President Donald Trump’s best-known promise is to build a wall, but some Arkansas travel professionals fear that a side-effect of his zeal for border security could keep out the kind of foreigners America wants: free-spending tourists.

The administration’s 2018 federal budget proposes cutting $100 million a year in funding for Brand USA, a program that aims advertising at foreign travelers like Victor Manuel Castro Chinchilla of Honduras, who visited Crystal Bridges Museum of American Art in Bentonville, and Peter M., a German who left a five-star review on TripAdvisor after touring the Johnny Cash Boyhood Home in Dyess.

The money for Brand USA, first authorized by Congress in 2010 and now in the middle of its second five-year authorization period, would be diverted to border security if the budget plan advances unchanged.

Final budget decisions are expected by mid-December, and even close observers don’t seem certain about how seriously to take the threat to the program, which drew great praise from tourism leaders like Gretchen Hall of the Little Rock Convention & Visitors Bureau and Joe David Rice of the Arkansas Parks & Tourism Department.

Supporters are lobbying hard to save the program, which they say doesn’t spend a dime of taxpayer money yet draws millions of world travelers and spotlights points of interest in smaller states lacking the marketing clout of traditional destinations like New York, California and Florida.

Instead, it relies on proceeds from a $10 fee on foreign visitors’ visa applications, up to a $100 million cap.

Brand USA raises cash from the private sector to match that money, mostly from travel-related businesses, according to Patricia Rojas-Ungár, vice president of public affairs for the U.S. Travel Association.

Billions for Economy
“Brand USA was created so that our country could compete in the global travel marketplace,” Rojas-Ungár told Arkansas Business. “For years, you’ve seen ads saying come visit Turkey or see Spain, but the U.S. never had a travel promotions program sanctioned by the government.”

That changed in 2010 when a bipartisan effort led by Sens.

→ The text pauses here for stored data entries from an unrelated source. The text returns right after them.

(* Let $\Gamma_3^*\subseteq\mathbb{R}^7$ be the set of entropy vectors of triples of discrete random variables, and let $\Lambda_3\subseteq\Gamma_3^*$ be the set of quasi-uniform entropy vectors. Let $\mathbf{e}_1=[1,0,0,1,1,0,1]^\intercal$, $\mathbf{e}_2=[0,1,0,1,0,1,1]^\intercal$, $\mathbf{e}_3=[0,0,1,0,1,1,1]^\intercal$, $\mathbf{e}_{123'}=[1,1,1,2,2,2,2]^\intercal$, and let $\Theta=\mathrm{cone}(\mathbf{e}_1,\mathbf{e}_2,\mathbf{e}_3,\mathbf{e}_{123'})=\{\lambda_1\mathbf{e}_1+\lambda_2\mathbf{e}_2+\lambda_3\mathbf{e}_3+\lambda_{123'}\mathbf{e}_{123'}:\lambda_1,\lambda_2,\lambda_3,\lambda_{123'}\ge 0\}$. Let $\Theta^{\mathrm{in}}$ be the set of all vectors $\lambda_1\mathbf{e}_1+\lambda_2\mathbf{e}_2+\lambda_3\mathbf{e}_3+\lambda_{123'}\mathbf{e}_{123'}$ with $\lambda_1,\lambda_2,\lambda_3\ge 0$ and $\lambda_{123'}=\log m$ for some $m\in\mathbb{N}$. Then there exists a quasi-uniform entropy vector $\mathbf{h}\in\Lambda_3$ lying in the relative interior of $\Theta$ (i.e., in $\Theta$ but in no proper face of $\Theta$) such that $\mathbf{h}\notin\Theta^{\mathrm{in}}$.
   Context: All logarithms are base 2 and entropies are in bits. For a discrete random vector $(X_1,X_2,X_3)$, its entropy vector is $\mathbf{h}=[h_1,h_2,h_3,h_{12},h_{13},h_{23},h_{123}]^\intercal\in\mathbb{R}^7$, where $h_\alpha$ is the Shannon entropy of $(X_i)_{i\in\alpha}$. A discrete random variable $X$ is quasi-uniform if there is a constant $p\in(0,1]$ with $\Pr\{X=x\}\in\{p,0\}$ for all $x$; a random vector $(X_1,X_2,X_3)$ is quasi-uniform if $(X_i)_{i\in\alpha}$ is quasi-uniform for every nonempty $\alpha\subseteq\{1,2,3\}$. A quasi-uniform entropy vector is the entropy vector of a quasi-uniform random vector. $\Theta$ is a face of the polymatroid cone $\Gamma_3$ (the set of $\mathbf{h}$ satisfying the Shannon elemental inequalities). *)

theory Defs
  imports "HOL-Analysis.Analysis" "HOL-Probability.Probability"
begin

text \<open>A triple of discrete random variables is represented by its joint distribution,
  a pmf on nat x nat x nat (the values of a discrete random variable form a countable
  set, which we code into nat).\<close>

type_synonym triple_dist = "(nat \<times> nat \<times> nat) pmf"

definition entropy_pmf :: "'a pmf \<Rightarrow> real" where
  "entropy_pmf q = infsum (\<lambda>x. - pmf q x * log 2 (pmf q x)) (set_pmf q)"

definition quasi_uniform_pmf :: "'a pmf \<Rightarrow> bool" where
  "quasi_uniform_pmf q \<longleftrightarrow> (\<exists>p. 0 < p \<and> p \<le> 1 \<and> (\<forall>x. pmf q x \<in> {p, 0}))"

definition m1 :: "triple_dist \<Rightarrow> nat pmf" where "m1 P = map_pmf (\<lambda>(a,b,c). a) P"
definition m2 :: "triple_dist \<Rightarrow> nat pmf" where "m2 P = map_pmf (\<lambda>(a,b,c). b) P"
definition m3 :: "triple_dist \<Rightarrow> nat pmf" where "m3 P = map_pmf (\<lambda>(a,b,c). c) P"
definition m12 :: "triple_dist \<Rightarrow> (nat \<times> nat) pmf" where "m12 P = map_pmf (\<lambda>(a,b,c). (a,b)) P"
definition m13 :: "triple_dist \<Rightarrow> (nat \<times> nat) pmf" where "m13 P = map_pmf (\<lambda>(a,b,c). (a,c)) P"
definition m23 :: "triple_dist \<Rightarrow> (nat \<times> nat) pmf" where "m23 P = map_pmf (\<lambda>(a,b,c). (b,c)) P"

Roy Blunt, R-Mo., and Amy Klobuchar, D-Minn., created Brand USA. “The travel industry and Congress came up with a public-private partnership that wouldn’t cost taxpayers anything,” Rojas-Ungár said. “And so far it has been just a tremendous success.”

A typical ad for Arkansas in the 2014 Brand USA Inspiration Guide features striking colorful photos of the Art Trail at Crystal Bridges, the Buffalo River Valley in fall, and sunset at the Clinton Presidential Center in Little Rock.

Recent research by Oxford Economics suggests that over the past four years Brand USA has drawn 4.3 million foreign visitors who added $13.6 billion to the American economy, including nearly $4 billion in federal, state and local tax revenue.

Brand USA estimates that the economic activity it stimulates has so far sustained 60,000 jobs and $2.6 billion in personal income.

“Over four years, for every dollar Brand USA has invested in marketing, $27 dollars have been generated for the American economy,” Rojas-Ungár said. So we’re trying to communicate to the administration that this really is the best way to spend these funds, because of the high ROI.”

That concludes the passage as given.